[Opening Record extracts section]

lemma emeasure_shell_Diff_vball:
  assumes "vball v d (k + 1) \<subseteq> shell c k"
  shows "emeasure M (shell c k - vball v d (k + 1)) =
    ennreal ((ln q - ln q / (real q - 1)) * q powr (- real_of_int k))"
  using emeasure_Diff_vball[OF _ assms emeasure_shell] unfolding val_ring_volume_powr_succ
  by (simp add: algebra_simps)

section \<open>Radial functions and affine substitutions\<close>

lemma sets_singleton [measurable, simp]: "{c} \<in> sets M"
proof -
  have "{c} = (\<Inter>k. vball v c k)"
  proof (intro set_eqI iffI)
    fix x
    assume "x \<in> (\<Inter>k. vball v c k)"
    then have "x \<in> vball v c (v (x - c) + 1)"
      by blast
    then show "x \<in> {c}"
      by (simp add: mem_vball)
  qed auto
  also have "\<dots> \<in> sets M"
    by (intro sets.countable_INT) auto
  finally show ?thesis .
qed

lemma measurable_val_diff:
  "(\<lambda>s. if s = c then None else Some (v (s - c))) \<in> M \<rightarrow>\<^sub>M count_space UNIV"
proof -
  have "(\<lambda>s. if s = c then None else Some (v (s - c))) -` {k} =
      (case k of None \<Rightarrow> {c} | Some j \<Rightarrow> shell c j)" for k
    by (cases k) (auto simp: mem_shell split: if_splits)
  then show ?thesis
    by (auto simp: measurable_count_space_eq2_countable split: option.split)
qed

lemma borel_measurable_fun_val_diff [measurable]:
  "(\<lambda>s. if s = c then a else g (v (s - c))) \<in> borel_measurable M"
proof -
  have "(\<lambda>s. if s = c then a else g (v (s - c))) =
      case_option a g \<circ> (\<lambda>s. if s = c then None else Some (v (s - c)))"
    by auto
  also have "\<dots> \<in> borel_measurable M"
    by (rule measurable_comp[OF measurable_val_diff]) simp
  finally show ?thesis .
qed

lemma borel_measurable_absv [measurable]: "(\<lambda>s. absv v q (s - c)) \<in> borel_measurable M"
proof -
  have "(\<lambda>s. absv v q (s - c)) = (\<lambda>s. if s = c then 0 else real q powr - v (s - c))"
    by (auto simp: absv_def)
  then show ?thesis
    by simp
qed

lemma borel_measurable_radial [measurable]: "radial c K h \<in> borel_measurable M"
proof -
  have "radial c K h = (\<lambda>s. if s = c then 0 else (if v (s - c) \<in> K then h (v (s - c)) else 0))"
    by (auto simp: radial_def)
  then show ?thesis
    by simp
qed

lemma Int_stable_vballs: "Int_stable (insert {} {vball v a k |a k. True})"
proof -
  have nested: "vball v a k \<inter> vball v b j \<in> insert {} {vball v a k |a k. True}"
    if "k \<le> j" for a b k j
  proof (cases "b \<in> vball v a k")
    case True
    then have "vball v a k \<inter> vball v b j = vball v b j"
      using vball_subset_of_mem[OF True that] by blast
    then show ?thesis
      by blast
  next
    case False
    then have "vball v a k \<inter> vball v b j = {}"
      using vball_disjoint[OF False] vball_antimono[OF that, of b] by blast
    then show ?thesis
      by simp
  qed
  have "vball v a k \<inter> vball v b j \<in> insert {} {vball v a k |a k. True}" for a b k j
    using nested[of k j a b] nested[of j k b a] by (cases "k \<le> j") (auto simp: Int_commute)
  then show ?thesis
    unfolding Int_stable_def by blast
qed

lemma sets_M_insert_empty: "sets M = sigma_sets UNIV (insert {} {vball v a k |a k. True})"
  unfolding sets_M by (rule sigma_sets_eqI) (auto intro: sigma_sets.Basic sigma_sets.Empty)

lemma measurable_affine:
  assumes "b \<noteq> 0"
  shows "(\<lambda>s. a + b * s) \<in> M \<rightarrow>\<^sub>M M"
proof (rule measurable_sigma_sets[OF sets_M])
  fix B
  assume "B \<in> {vball v a k |a k. True}"
  then show "(\<lambda>s. a + b * s) -` B \<inter> space M \<in> sets M"
    using assms by (auto simp: vimage_affine_vball)
qed auto

lemma distr_affine:
  assumes b: "b \<noteq> 0"
  shows "distr M M (\<lambda>s. a + b * s) = density M (\<lambda>_. ennreal (1 / absv v q b))"
proof (rule measure_eqI_generator_eq[OF Int_stable_vballs, where \<Omega> = UNIV
      and A = "\<lambda>i. vball v 0 (- int i)"])
  have emeasure_distr_vball:
    "emeasure (distr M M (\<lambda>s. a + b * s)) (vball v d k) =
      ennreal (val_ring_volume * q powr (- real_of_int (k - v b)))" for d k
    using b by (simp add: emeasure_distr measurable_affine vimage_affine_vball emeasure_vball)
  have "0 < absv v q b"
    using b q_ge_2 by (simp add: absv_nonzero)
  moreover have
    "real q powr (- real_of_int (k - v b)) = 1 / absv v q b * real q powr (- real_of_int k)" for k
    using b q_ge_2 by (simp add: absv_nonzero powr_diff powr_minus_divide)
  ultimately have "emeasure (distr M M (\<lambda>s. a + b * s)) (vball v d k) =
      ennreal (1 / absv v q b) * emeasure M (vball v d k)" for d k
    using val_ring_volume_pos
    by (simp add: emeasure_distr_vball emeasure_vball ennreal_mult[symmetric] mult.left_commute)
  then show "emeasure (distr M M (\<lambda>s. a + b * s)) X =
      emeasure (density M (\<lambda>_. ennreal (1 / absv v q b))) X"
    if "X \<in> insert {} {vball v a k |a k. True}" for X
    using that by (auto simp: emeasure_density nn_integral_cmult_indicator)
  show "emeasure (distr M M (\<lambda>s. a + b * s)) (vball v 0 (- int i)) \<noteq> \<infinity>" for i
    by (simp add: emeasure_distr_vball)
  have "s \<in> vball v 0 (- int (nat (- v s)))" for s
    by (simp add: mem_vball)
  then show "(\<Union>i. vball v 0 (- int i)) = UNIV"
    by blast
  show "range (\<lambda>i. vball v 0 (- int i)) \<subseteq> insert {} {vball v a k |a k. True}"
    by blast
qed (simp_all add: sets_M_insert_empty)

lemma nn_integral_affine:
  assumes "b \<noteq> 0" "g \<in> borel_measurable M"
  shows "(\<integral>\<^sup>+s. g (a + b * s) \<partial>M) = ennreal (1 / absv v q b) * integral\<^sup>N M g"
proof -
  have "(\<integral>\<^sup>+s. g (a + b * s) \<partial>M) = integral\<^sup>N (distr M M (\<lambda>s. a + b * s)) g"
    using assms by (simp add: nn_integral_distr measurable_affine)
  also have "\<dots> = ennreal (1 / absv v q b) * integral\<^sup>N M g"
    using assms by (simp add: distr_affine nn_integral_density nn_integral_cmult)
  finally show ?thesis .
qed

lemma nn_integral_radial:
  fixes h :: "int \<Rightarrow> ennreal"
  assumes "bij_betw f UNIV K"
  shows "integral\<^sup>N M (radial c K h) =
    (\<Sum>j. h (f j) * ennreal (ln q * q powr (- real_of_int (f j))))"
proof -
  have "integral\<^sup>N M (radial c K h) = (\<integral>\<^sup>+s. (\<Sum>j. h (f j) * indicator (shell c (f j)) s) \<partial>M)"
    by (intro arg_cong[where f = "integral\<^sup>N M"] ext radial_eq_suminf[OF assms])
  also have "\<dots> = (\<Sum>j. h (f j) * emeasure M (shell c (f j)))"
    by (simp add: nn_integral_suminf nn_integral_cmult_indicator)
  finally show ?thesis
    by (simp add: emeasure_shell)
qed

definition q_pow_half :: "int \<Rightarrow> ennreal" where
  "q_pow_half k = ennreal (real q powr (k / 2))"

lemma q_pow_half_0 [simp]: "q_pow_half 0 = 1"
  using q_ge_2 by (simp add: q_pow_half_def)

lemma q_pow_half_mult_powr: "q_pow_half (2 * k) * ennreal (r * q powr (- real_of_int k)) = ennreal r"
proof -
  have "real q powr k * real q powr (- real_of_int k) = 1"
    using q_ge_2 by (simp add: powr_add[symmetric])
  then have cancel: "real q powr k * (r * q powr (- real_of_int k)) = r"
    by (metis mult.left_commute mult.right_neutral)
  have "q_pow_half (2 * k) * ennreal (r * q powr (- real_of_int k)) =
      ennreal (real q powr k * (r * q powr (- real_of_int k)))"
    by (simp add: q_pow_half_def ennreal_mult')
  then show ?thesis
    unfolding cancel .
qed

definition inv_sqrt_q :: real where
  "inv_sqrt_q = real q powr (-1/2)"

lemma inv_sqrt_q_pos: "0 < inv_sqrt_q"
  using q_ge_2 by (simp add: inv_sqrt_q_def)

lemma inv_sqrt_q_less_1: "inv_sqrt_q < 1"
  using q_ge_2 by (simp add: inv_sqrt_q_def powr_less_one)

lemma inv_sqrt_q_squared: "inv_sqrt_q\<^sup>2 = 1 / q"
  using q_ge_2 by (simp add: inv_sqrt_q_def power2_eq_square powr_add[symmetric] powr_minus_divide)

lemma suminf_shells_geometric:
  assumes "\<And>j. real_of_int (k j) / 2 - real_of_int (m j) = - (1 + real j) / 2"
  shows "(\<Sum>j. q_pow_half (k j) * ennreal (ln q * q powr (- real_of_int (m j)))) =
    ennreal (ln q * (inv_sqrt_q / (1 - inv_sqrt_q)))"
proof -
  have summand: "q_pow_half (k j) * ennreal (ln q * q powr (- real_of_int (m j))) =
      ennreal (ln q * inv_sqrt_q * inv_sqrt_q ^ j)" for j
  proof -
    have "inv_sqrt_q * inv_sqrt_q ^ j = real q powr (- (1 + real j) / 2)"
      using q_ge_2
      by (simp add: inv_sqrt_q_def powr_realpow[symmetric] powr_powr powr_add[symmetric] field_simps)
    also have "\<dots> = real q powr (real_of_int (k j) / 2) * real q powr (- real_of_int (m j))"
      unfolding assms[symmetric] by (simp add: powr_add[symmetric])
    finally show ?thesis
      using q_ge_2 by (simp add: q_pow_half_def ennreal_mult'[symmetric] mult.assoc)
  qed
  have "(\<lambda>j. ln q * inv_sqrt_q * inv_sqrt_q ^ j) sums (ln q * inv_sqrt_q * (1 / (1 - inv_sqrt_q)))"
    using inv_sqrt_q_pos inv_sqrt_q_less_1 by (intro sums_mult geometric_sums) simp
  then show ?thesis
    unfolding summand using q_ge_2 inv_sqrt_q_pos by (subst suminf_ennreal_eq) simp_all
qed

[Closing Record extracts section]

Each line above with the word "cases" needs to be copied.

Solution to the problem:
    by (cases k) (auto simp: mem_shell split: if_splits)
  proof (cases "b \<in> vball v a k")
    using nested[of k j a b] nested[of j k b a] by (cases "k \<le> j") (auto simp: Int_commute)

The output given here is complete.